I have never spoken with a prostitute, but the idea has always been intriguing to me. In my journalism classes at University, we often discussed the possibility of reporting on this parallel world that is recreated each night in Mexico City.
We never did it.
On the street runs next to my apartment, in front of an old brown building, in a central district of Mexico City, each night at midnight a prostitute appears. She is tall, with long black hair, very short black and sequin dresses and heavy makeup. Her lips are red and her eyeshadow dark. She doesn’t appear to have an expression. I’ve never seen her smile, nor have I seen her scowl. She simply waits for a car to stop.
Some nights when I’m coming home form dinner or a friend’s house, I have to cross the street where she waits. I have inadvertently passed her on the sidewalk, and always instinctively speed up my pace. I’ve never stopped to say “buenas noches” (good evening) or “Que tal?” (how are you doing?). It seems like it would be an uncomfortable situation. How would she respond? Would she be friendly? Rude? Would she ignore me?
I walk quickly and in a few seconds, arrive at my apartment door. My journalism classes come to mind and the thought of telling her story. And if I stop to chat with her, would she reply? Has she been interviewed in the past? Were their questions good enough? Did she give curt answers? Did they fail?
There are delicate questions. Themes that you can’t ask about the first time you interview someone. You have to move with caution, or else lose the subject’s trust – therefore lose everything. But you also can’t lose sight of the fact that you are there as a reporter to write about this professional of the night, about whom you know little. You want to write about their pain, about their worries and about their joys. You want to humanize and give a name to this person you pass each night.

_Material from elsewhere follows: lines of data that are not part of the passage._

lemma cnj_symmetric_if_real_on_pos_reals:
  assumes hol: "p holomorphic_on RHP" and real: "\<forall>x::real. x > 0 \<longrightarrow> p (of_real x) \<in> \<real>"
    and s: "s \<in> RHP"
  shows "p (cnj s) = cnj (p s)"
proof -
  have "cnj ` RHP = RHP"
    by (auto simp: RHP_def image_iff intro!: exI[of _ "cnj x" for x])
  then have "(cnj \<circ> p \<circ> cnj) holomorphic_on RHP"
    using holomorphic_on_compose_cnj_cnj hol open_RHP by metis
  then have hol_diff: "(\<lambda>z. p z - (cnj \<circ> p \<circ> cnj) z) holomorphic_on RHP"
    by (intro holomorphic_intros hol)
  have limpt: "(1::complex) islimpt of_real ` {0<..}"
  proof (rule islimpt_approachable[THEN iffD2], intro allI impI)
    fix e :: real assume "e > 0"
    then have "complex_of_real (1 + e/2) \<in> of_real ` {0<..}" by (intro imageI) auto
    moreover have "complex_of_real (1 + e/2) \<noteq> 1" "dist (complex_of_real (1 + e/2)) 1 < e"
      using \<open>e > 0\<close> by (simp_all add: dist_norm)
    ultimately show "\<exists>x'\<in>(of_real ` {0<..} :: complex set). x' \<noteq> 1 \<and> dist x' 1 < e" by blast
  qed
  have "(\<lambda>z. p z - (cnj \<circ> p \<circ> cnj) z) (cnj s) = 0"
  proof (rule analytic_continuation[OF hol_diff open_RHP convex_connected _ _ limpt])
    show "convex RHP" unfolding RHP_def by (rule convex_halfspace_Re_gt)
    show "of_real ` {0<..} \<subseteq> RHP" "(1::complex) \<in> RHP" "cnj s \<in> RHP"
      using s by (auto simp: RHP_def)
    fix z assume "z \<in> (of_real ` {0<..} :: complex set)"
    then show "p z - (cnj \<circ> p \<circ> cnj) z = 0" using real by (auto simp: Reals_cnj_iff)
  qed
  then show ?thesis by simp
qed
lemma unitary_magma_UNIV_unit:
  assumes "unitary_magma UNIV f z"
  shows "f b z = b" "f z b = b"
  using assms unfolding unitary_magma_def by auto

context
  fixes addB :: "'b \<Rightarrow> 'b \<Rightarrow> 'b" and zB :: 'b
begin

lemma retraction_pointD:
  assumes "retraction_point addB zB R"
  shows "zer R \<in> carr R" "\<And>a b. a \<in> carr R \<Longrightarrow> b \<in> carr R \<Longrightarrow> plus R a b \<in> carr R"
    "\<And>a. a \<in> carr R \<Longrightarrow> plus R a (zer R) = a" "\<And>a. a \<in> carr R \<Longrightarrow> plus R (zer R) a = a"
    "\<And>x. kk R x \<in> carr R" "\<And>b. ss R b \<in> carr R"
    "\<And>b b'. ss R (addB b b') = plus R (ss R b) (ss R b')" "ss R zB = zer R"
    "\<And>a b. a \<in> carr R \<Longrightarrow> b \<in> carr R \<Longrightarrow> pp R (plus R a b) = addB (pp R a) (pp R b)"
    "pp R (zer R) = zB"
    "\<And>b. pp R (ss R b) = b" "\<And>x. qq R (kk R x) = x" "\<And>x. pp R (kk R x) = zB"
    "\<And>b. qq R (ss R b) = qq R (zer R)"
    "\<And>a. a \<in> carr R \<Longrightarrow> plus R (kk R (qq R a)) (ss R (pp R a)) = a"
  using assms unfolding retraction_point_def unitary_magma_def magma_hom_def by auto

lemma kk_qq_zer:
  assumes "retraction_point addB zB R"
  shows "kk R (qq R (zer R)) = zer R"
  using retraction_pointD[OF assms] retraction_pointD(15)[OF assms retraction_pointD(1)[OF assms]]
  by simp

lemma pp_kk_plus_ss:
  assumes "retraction_point addB zB R" "unitary_magma UNIV addB zB"
  shows "pp R (plus R (kk R x) (ss R b)) = b"
  using retraction_pointD[OF assms(1)] unitary_magma_UNIV_unit[OF assms(2)] by simp

lemma kk_qq_plus_ss:
  assumes "retraction_point addB zB R" "unitary_magma UNIV addB zB"
  shows "plus R (kk R (qq R (plus R (kk R x) (ss R b)))) (ss R b) = plus R (kk R x) (ss R b)"
  using retraction_pointD(15)[OF assms(1), of "plus R (kk R x) (ss R b)"]
    retraction_pointD[OF assms(1)] pp_kk_plus_ss[OF assms]
  by simp

lemma Phi_zero_simps:
  assumes "retraction_point addB zB R"
  shows "Phi R x zB (qq R (zer R)) zB = x" "Phi R (qq R (zer R)) zB x zB = x"
    "Phi R x b (qq R (zer R)) zB = qq R (plus R (kk R x) (ss R b))"
    "Phi R x zB (qq R (zer R)) b = qq R (plus R (kk R x) (ss R b))"
    "Phi R (qq R (zer R)) zB x b = qq R (plus R (kk R x) (ss R b))"
  unfolding Phi_def using retraction_pointD[OF assms] kk_qq_zer[OF assms] by simp_all

lemma Phi_retract_args:
  assumes R: "retraction_point addB zB R" and B: "unitary_magma UNIV addB zB"
  shows "Phi R (Phi R x zB (qq R (zer R)) b) b (Phi R x' zB (qq R (zer R)) b') b' = Phi R x b x' b'"
  unfolding Phi_zero_simps[OF R] unfolding Phi_def kk_qq_plus_ss[OF R B] ..

lemma is_action_Phi:
  assumes R: "retraction_point addB zB R" and B: "unitary_magma UNIV addB zB"
  shows "is_action addB zB (Phi R)"
  unfolding is_action_def
proof (intro exI[of _ "qq R (zer R)"] conjI allI)
  let ?e = "qq R (zer R)"
  note D = retraction_pointD[OF R]
  fix x x' b b'
  show "Phi R x zB ?e zB = x" "Phi R ?e zB x zB = x"
    "Phi R x b ?e zB = Phi R x zB ?e b" "Phi R x zB ?e b = Phi R ?e zB x b"
    using Phi_zero_simps[OF R] D by simp_all
  have "Phi R ?e b ?e b' = qq R (ss R (addB b b'))"
    unfolding Phi_def using D kk_qq_zer[OF R] by simp
  then show "Phi R ?e b ?e b' = ?e"
    using D(14) by simp
  let ?c = "plus R (plus R (kk R x) (ss R b)) (plus R (kk R x') (ss R b'))"
  have c: "?c \<in> carr R" "pp R ?c = addB b b'"
    using D pp_kk_plus_ss[OF R B] by simp_all
  have "Phi R (Phi R x b x' b') zB ?e (addB b b') = qq R (plus R (kk R (qq R ?c)) (ss R (pp R ?c)))"
    unfolding Phi_zero_simps[OF R] c(2) by (simp add: Phi_def)
  also have "\<dots> = Phi R x b x' b'"
    unfolding D(15)[OF c(1)] by (simp add: Phi_def)
  finally show "Phi R x b x' b' = Phi R (Phi R (Phi R x zB ?e b) b (Phi R x' zB ?e b') b') zB ?e (addB b b')"
    unfolding Phi_retract_args[OF R B] ..
qed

If she were in front of me and gave me an interview, the first question would be: How did you come to this profession? Perhaps it would be a painful story, like those that you read in newspapers about girls from the countryside extorted into prostitution. Or perhaps she would surprise me and tell me how she chose this profession on her own.
Perhaps I would ask if she had family. And if her profession was a secret, or if they know she is a prostitute. What happened when they discovered her profession? Did they run her out of the house? Did they accept it? Or did they lock the doors of her home one evening while she was out?
I would also like to know if she thinks of the future. Or if she only lives in the present. If she has passion for something in life, if she has a favorite food. If she likes dogs or if she prefers cats. If she ever pauses to look up at the sky. What color is it for her? Is her sky always grey, or some times tinted red? Is it ever blue? Is it black?
One more night and I open my apartment door and go into my room. The city is vibrant. The music from a party floats through my window. Again its midnight and the prostitute continues her walk. Without a smile, without a scowl. Simply waiting.